Dataset entries:
lemma pebble_ok_translate:
  assumes ok0: "pebble_ok N l1 r1 l2 r2 (2 * D) a0 b0" and pa: "present N l1 r1 a"
    and near: "near D a a0"
  shows "\<exists>b. pebble_ok N l1 r1 l2 r2 D a b \<and> pos b + pos a0 = pos b0 + pos a \<and> lane b = lane b0"
proof -
  have ev0: "even (pos a0) \<longleftrightarrow> even (pos b0)"
    and L0: "pos a0 \<le> 2*D \<or> pos b0 \<le> 2*D \<longrightarrow> pos a0 = pos b0 \<and> l1 (lane a0) = l2 (lane b0)"
    and R0: "N \<le> pos a0 + 2*D \<or> N \<le> pos b0 + 2*D \<longrightarrow> pos a0 = pos b0 \<and> r1 (lane a0) = r2 (lane b0)"
    using ok0 unfolding pebble_ok_def by blast+
  have c1: "lane a = lane a0" "pos a \<le> pos a0 + D" "pos a0 \<le> pos a + D"
    using near unfolding near_def by auto
  define t where "t = pos b0 + pos a - pos a0"
  have t: "t + pos a0 = pos b0 + pos a"
  proof -
    have "pos a0 \<le> pos b0 + pos a"
      using L0 c1 by (cases "pos a0 \<le> 2*D \<or> pos b0 \<le> 2*D") linarith+
    thus ?thesis unfolding t_def by simp
  qed
  define b where "b = 2 * t + lane b0"
  have pb: "pos b = t" and lb: "lane b = lane b0" unfolding b_def using lane_less_2[of b0] by auto
  have La: "t = pos a \<and> l1 (lane a) = l2 (lane b)" if "pos a \<le> D \<or> t \<le> D"
  proof -
    have "pos a0 \<le> 2*D \<or> pos b0 \<le> 2*D" using that t c1 by linarith
    thus ?thesis using L0 t c1 lb by simp
  qed
  have Ra: "t = pos a \<and> r1 (lane a) = r2 (lane b)" if "N \<le> pos a + D \<or> N \<le> t + D"
  proof -
    have "N \<le> pos a0 + 2*D \<or> N \<le> pos b0 + 2*D" using that t c1 by linarith
    thus ?thesis using R0 t c1 lb by simp
  qed
  have "t \<le> N"
  proof (cases "N \<le> pos a0 + 2*D \<or> N \<le> pos b0 + 2*D")
    case True
    thus ?thesis using R0 t pa unfolding present_def by simp
  next
    case False
    thus ?thesis using t c1 by linarith
  qed
  hence pb': "present N l2 r2 b"
    using La Ra pa unfolding present_def pb by (cases "t = 0 \<or> t = N") auto
  have "even (pos a) \<longleftrightarrow> even t" using t ev0 by presburger
  hence "pebble_ok N l1 r1 l2 r2 D a b"
    unfolding pebble_ok_def pb using pa pb' La Ra by blast
  moreover have "pos b + pos a0 = pos b0 + pos a" using pb t by simp
  ultimately show ?thesis using lb by blast
qed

• **Task**:
Each line in the records above with "that" must be returned.

• **Output**:
    have "pos a0 \<le> 2*D \<or> pos b0 \<le> 2*D" using that t c1 by linarith
    have "N \<le> pos a0 + 2*D \<or> N \<le> pos b0 + 2*D" using that t c1 by linarith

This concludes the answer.